High Tech, High Touch - introduction of new information technology to school personnel
School Administrator, April, 2000 by Walter S. Polka, P. Rudy Mattai, Robert L. Perry
Balancing the district's technology needs with the reality of human fears and frustrations of your professional staff
It's 4 p.m. on a weekday afternoon--your first day back in the office after an intensive round of technology training. Energized by what you saw, you decide to log on to your personal computer and put to test your skill retention from the workshop. But after 5 or 10 minutes you're stuck--and no one around is sufficiently skilled in the application to get you over the hump. You and colleagues leave work deflated, your enthusiasm for the new technology sapped.
Or worse yet, you are a central-office administrator or superintendent sitting in on the training your principals and faculty are taking. Slowly you find your excitement turning to uneasiness or even aggravation. The questions being asked by the trainer and the participants raise concerns that suggest, in hindsight, the school district's plans for implementing and assessing its technology failed to consider key people and issues. As a result, the technology purchases and training will be inadequate to match the needs of users.
When these sorts of problems occur on a high-ticket item such as technology, the fallout can be enormous. Employees, parents and taxpayers may become disenchanted. Needless to say, school systems and the students they serve suffer when technology plans fall short of expectations.
Multifaceted Problems
These scenarios point up a truth about the problems of technology implementation to which most school leaders need to devote some thought. Technology implementation is not a single problem. Indeed, it is not simply a classroom problem, a school-level problem or a district-level problem. It is all three of these things at once, intertwined with each other in such a complicated pattern that trouble at one level could well ripple across all levels.
Not surprisingly, ensuring that technology is implemented effectively at all levels requires a multidimensional approach.
We believe educators will witness greater success with technology if they begin their planning with a set of assumptions--what we will refer to in shorthand as the "five Cs." Educational leaders who want technology-literate colleagues will have to consider some human fears and frustrations before expecting great leaps of commitment and creativity.
These five assumptions grow out of the theories of the eminent psychologist Abraham Maslow, as well as the observations of such prominent individuals as psychiatrist William Glasser and leadership experts Warren Bennis and Max DePree
Maslow observed that human needs influence our daily energies and decisions and theorized that human needs exist in a hierarchy. He said humans satisfy their more basic survival needs first--those of food, shelter and safety--before moving on to the higher-level needs of creativity and self-actualization. In other words, trying to interest a person in a creative application of technology will not be embraced whole-heartedly, according to Maslow, if the person already feels stressed out by demands on their time to meet all the existing responsibilities.

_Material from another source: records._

lemma staircase_snoc:
  "staircase (y @ [v]) \<longleftrightarrow> staircase y \<and> (y \<noteq> [] \<longrightarrow> v = last y \<or> v = Suc (last y))"
  by (auto simp: staircase_def successively_append_iff)

lemma staircase_nth_Suc:
  "staircase y \<Longrightarrow> Suc i < length y \<Longrightarrow> y ! Suc i = y ! i \<or> y ! Suc i = Suc (y ! i)"
  unfolding staircase_def by (rule successively_nth)

lemma sorted_if_staircase: "staircase y \<Longrightarrow> sorted y"
  unfolding staircase_def
  by (subst successively_conv_sorted_wrt[symmetric]) (auto elim: successively_mono)

lemma staircase_if_sorted_01:
  assumes "sorted y" "set y \<subseteq> {0, 1}"
  shows "staircase y"
proof -
  have "successively (\<le>) y"
    using assms(1) by (simp add: successively_conv_sorted_wrt)
  then show ?thesis
    unfolding staircase_def by (rule successively_mono) (use assms(2) in auto)
qed

lemma staircase_intermediate_value:
  assumes "staircase y" "y \<noteq> []" "hd y \<le> v" "v \<le> last y"
  shows "v \<in> set y"
  using assms
proof (induction y rule: rev_induct)
  case (snoc w y)
  then show ?case
    by (cases "y \<noteq> [] \<and> v \<le> last y") (auto simp: staircase_snoc)
qed simp

lemma card_filter_less_Suc:
  assumes "finite D"
  shows "card {d \<in> D. d < Suc i} = card {d \<in> D. d < i} + (if i \<in> D then 1 else 0)"
proof -
  have "{d \<in> D. d < Suc i} = {d \<in> D. d < i} \<union> (if i \<in> D then {i} else {})"
    by (auto simp: less_Suc_eq)
  with assms show ?thesis
    by simp
qed

lemma finite_ascent_set: "finite (ascent_set y)"
  by (rule finite_subset[of _ "{..<length y}"]) (auto simp: ascent_set_def)

lemma staircase_nth_eq_card:
  assumes "staircase y" "y ! 0 = 0" "i < length y"
  shows "y ! i = card {j \<in> ascent_set y. j < i}"
  using assms(3)
proof (induction i)
  case (Suc i)
  then have "y ! Suc i = y ! i \<or> y ! Suc i = Suc (y ! i)"
    using staircase_nth_Suc[OF assms(1)] by blast
  then show ?case
    using Suc card_filter_less_Suc[OF finite_ascent_set, of y i] by (auto simp: ascent_set_def)
qed (simp add: assms(2))

lemma asc_staircase:
  assumes "staircase y" "y \<noteq> []" "hd y = 0"
  shows "asc y = last y"
proof -
  have "{j \<in> ascent_set y. j < length y - 1} = ascent_set y"
    by (auto simp: ascent_set_def)
  then show ?thesis
    using staircase_nth_eq_card[OF assms(1), of "length y - 1"] assms
    by (simp add: asc_def ascent_set_def last_conv_nth hd_conv_nth)
qed

lemma ascent_seq_if_staircase:
  "staircase y \<Longrightarrow> y \<noteq> [] \<Longrightarrow> hd y = 0 \<Longrightarrow> ascent_seq y"
proof (induction y rule: rev_induct)
  case (snoc v y)
  show ?case
  proof (cases "y = []")
    case False
    then show ?thesis
      using snoc asc_staircase[of y] by (auto simp: ascent_seq_snoc staircase_snoc)
  qed (use snoc.prems in \<open>simp add: ascent_seq_def\<close>)
qed simp

section \<open>The two kinds of avoiders\<close>

definition binary_seq :: "nat list \<Rightarrow> bool" where
  "binary_seq x \<longleftrightarrow> x \<noteq> [] \<and> hd x = 0 \<and> set x \<subseteq> {0, 1}"

definition tall_staircase :: "nat list \<Rightarrow> bool" where
  "tall_staircase y \<longleftrightarrow> staircase y \<and> y \<noteq> [] \<and> hd y = 0 \<and> 2 \<le> last y"

definition padded_staircase :: "nat list \<Rightarrow> bool" where
  "padded_staircase x \<longleftrightarrow> (\<exists>y k. tall_staircase y \<and> x = y @ replicate k 0)"

lemma binary_seq_snoc_cases:
  assumes "binary_seq x" "ascent_seq (x @ [v])" "\<not> contains (x @ [v]) [0, 1, 0, 2]"
  shows "binary_seq (x @ [v]) \<or> tall_staircase (x @ [v])"
proof (cases "v \<le> 1")
  case True
  with assms(1) show ?thesis by (auto simp: binary_seq_def)
next
  case False
  have x: "x \<noteq> []" "hd x = 0" "set x \<subseteq> {0, 1}"
    using assms(1) by (auto simp: binary_seq_def)
  have "sorted x"
    unfolding sorted_iff_nth_mono_less
  proof (intro allI impI leI notI)
    fix i j assume ij: "i < j" "j < length x" "x ! j < x ! i"
    moreover have "x ! i \<in> {0, 1}" "x ! j \<in> {0, 1}"
      using ij x(3) by (meson less_trans nth_mem subsetD)+
    moreover have "x ! 0 = 0"
      using x by (simp add: hd_conv_nth)
    ultimately have "0 < i" "x ! i = 1" "x ! j = 0"
      by (auto intro: gr0I)
    then have "contains (x @ [v]) [0, 1, 0, 2]"
      unfolding contains_0102_iff using False ij \<open>x ! 0 = 0\<close>
      by (intro exI[of _ 0] exI[of _ i] exI[of _ j] exI[of _ "length x"]) (auto simp: nth_append)
    with assms(3) show False ..
  qed
  then have "staircase x"
    using x(3) by (rule staircase_if_sorted_01)
  moreover have "last x \<le> 1"
    using x(1,3) last_in_set[of x] by fastforce
  moreover have "v \<le> Suc (last x)"
    using assms(2) x asc_staircase[OF \<open>staircase x\<close>] by (simp add: ascent_seq_snoc)
  ultimately show ?thesis
    using False x by (auto simp: tall_staircase_def staircase_snoc)
qed

lemma tall_staircase_snoc:
  assumes "tall_staircase y" "ascent_seq (y @ [v])" "\<not> contains (y @ [v]) [0, 1, 2, 1]" "0 < v"
  shows "tall_staircase (y @ [v])"
proof -
  have y: "staircase y" "y \<noteq> []" "hd y = 0" "2 \<le> last y"
    using assms(1) by (auto simp: tall_staircase_def)
  have "v \<le> Suc (last y)"
    using assms(2) y(2) asc_staircase[OF y(1-3)] by (simp add: ascent_seq_snoc)
  moreover have "\<not> v < last y"
  proof
    assume "v < last y"
    then obtain j where j: "j < length y" "y ! j = v"
      using staircase_intermediate_value[OF y(1,2), of v] y(3) by (auto simp: in_set_conv_nth)
    have "y ! 0 = 0" "y ! (length y - 1) = last y"
      using y(2,3) by (simp_all add: hd_conv_nth last_conv_nth)
    moreover have "j \<noteq> length y - 1"
      using j(2) \<open>v < last y\<close> \<open>y ! (length y - 1) = last y\<close> by auto
    ultimately have "0 < j" "j < length y - 1"
      using j assms(4) by (auto intro: gr0I)
    with j have "contains (y @ [v]) [0, 1, 2, 1]"
      unfolding contains_0121_iff using \<open>y ! 0 = 0\<close> \<open>y ! (length y - 1) = last y\<close> \<open>v < last y\<close> assms(4)
      by (intro exI[of _ 0] exI[of _ j] exI[of _ "length y - 1"] exI[of _ "length y"])
        (auto simp: nth_append)
    with assms(3) show False ..
  qed
  ultimately show ?thesis
    using y by (auto simp: tall_staircase_def staircase_snoc)
qed

lemma padded_staircase_snoc_eq_0:
  fixes y :: "nat list" and k v :: nat
  defines "x \<equiv> y @ replicate k 0 @ [v]"
  assumes "tall_staircase y" "0 < k"
    and "\<not> contains x [0, 1, 0, 2]" "\<not> contains x [0, 1, 2, 1]"
  shows "v = 0"
proof (rule ccontr)
  assume "v \<noteq> 0"
  have y: "staircase y" "y \<noteq> []" "hd y = 0" "2 \<le> last y"
    using assms(2) by (auto simp: tall_staircase_def)
  obtain j1 where j1: "j1 < length y" "y ! j1 = 1"
    using staircase_intermediate_value[OF y(1,2), of 1] y(3,4) by (auto simp: in_set_conv_nth)
  obtain j2 where j2: "j2 < length y" "y ! j2 = 2"
    using staircase_intermediate_value[OF y(1,2), of 2] y(3,4) by (auto simp: in_set_conv_nth)
  have "y ! 0 = 0"
    using y(2,3) by (simp add: hd_conv_nth)
  then have "0 < j1"
    using j1 by (auto intro: gr0I)
  have "j1 < j2"
    using sorted_nth_mono[OF sorted_if_staircase[OF y(1)], of j2 j1] j1 j2 by force
  define n where "n = length y + k"
  have x: "x ! 0 = 0" "x ! j1 = 1" "x ! j2 = 2" "x ! (n - 1) = 0" "x ! n = v" "length x = Suc n"
    using j1 j2 \<open>y ! 0 = 0\<close> assms(3) y(2) by (auto simp: x_def n_def nth_append)
  show False
  proof (cases "v = 1")
    case True
    then have "contains x [0, 1, 2, 1]"
      unfolding contains_0121_iff using x \<open>0 < j1\<close> \<open>j1 < j2\<close> j2(1)
      by (intro exI[of _ 0] exI[of _ j1] exI[of _ j2] exI[of _ n]) (auto simp: n_def)
    with assms(5) show False ..
  next
    case False
    then have "contains x [0, 1, 0, 2]"
      unfolding contains_0102_iff using x \<open>0 < j1\<close> j1(1) assms(3) \<open>v \<noteq> 0\<close>
      by (intro exI[of _ 0] exI[of _ j1] exI[of _ "n - 1"] exI[of _ n]) (auto simp: n_def)
    with assms(4) show False ..
  qed
qed

lemma padded_staircase_if_tall_staircase: "tall_staircase y \<Longrightarrow> padded_staircase y"
  unfolding padded_staircase_def by (metis append.right_neutral replicate_0)

lemma padded_staircase_snoc:
  assumes "padded_staircase x" "ascent_seq (x @ [v])"
    and "\<not> contains (x @ [v]) [0, 1, 0, 2]" "\<not> contains (x @ [v]) [0, 1, 2, 1]"
  shows "padded_staircase (x @ [v])"
proof -
  obtain y k where y: "tall_staircase y" and x: "x = y @ replicate k 0"
    using assms(1) unfolding padded_staircase_def by blast
  show ?thesis
  proof (cases "v = 0")
    case True
    then have "x @ [v] = y @ replicate (Suc k) 0"
      using x by (simp add: replicate_append_same)
    with y show ?thesis
      unfolding padded_staircase_def by blast
  next
    case False
    then have "k = 0"
      using padded_staircase_snoc_eq_0[OF y, of k v] assms(3,4) x by auto
    then show ?thesis
      using tall_staircase_snoc[OF y, of v] assms(2,4) x False
      by (simp add: padded_staircase_if_tall_staircase)
  qed
qed

lemma avoiding_ascent_seq_cases:
  assumes "ascent_seq x" "\<not> contains x [0, 1, 0, 2]" "\<not> contains x [0, 1, 2, 1]"
  shows "binary_seq x \<or> padded_staircase x"
  using assms
proof (induction x rule: rev_induct)
  case (snoc v x)
  show ?case
  proof (cases "x = []")
    case True
    then show ?thesis
      using snoc.prems(1) by (simp add: binary_seq_def ascent_seq_def)
  next
    case False
    then have "binary_seq x \<or> padded_staircase x"
      using snoc contains_append[of x "[0, 1, 0, 2]" "[v]"] contains_append[of x "[0, 1, 2, 1]" "[v]"]
      by (auto simp: ascent_seq_snoc)
    then show ?thesis
      using binary_seq_snoc_cases padded_staircase_snoc padded_staircase_if_tall_staircase snoc.prems
      by blast
  qed
qed (simp add: ascent_seq_def)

Too often school leaders mistakenly introduce technology as if it were only asking colleagues to master a new set of mechanical skills--a large task in and of itself. In reality, new technologies often require users to adapt new mindsets. These mindsets or attitudes adjust in tune with personal and professional needs.
Personal Needs
What personal attitudes must be addressed in this process? Our review of the literature and a research study of some 300 educators produced five personal attitudes worthy of special consideration, three of which were considered by respondents as vitally important. These personal needs were: control, creativity and caring. Less vital but still of moderate importance to respondents were the two high-touch personal needs of challenge and commitment.
* Control: individuals must feel personally in control of technological changes in order to use them in a satisfying and productive fashion.
Individuals have a proclivity to believe and to act as if they are in control and can influence the course of their lives. Child psychiatrist William Glasser knew this and has written extensively about every individual's need for control and how our behavior and our choices reflect our needs.
What this means for school leaders is that colleagues need to feel they are in control of technology and not adversely affected by it. Our research showed that people want to be able to select the degree of technological use in teaching and learning situations. They want to be able to say "yes" to some technologies and "no" to others and to control the levels of use of both hardware and software. They want to be able to modify the uses of technology in education. Finally, they want to be able to reconfigure available technologies to suit personal and professional views.
Technology plans that accommodate these desires will fare better than those that skirt or ignore these needs.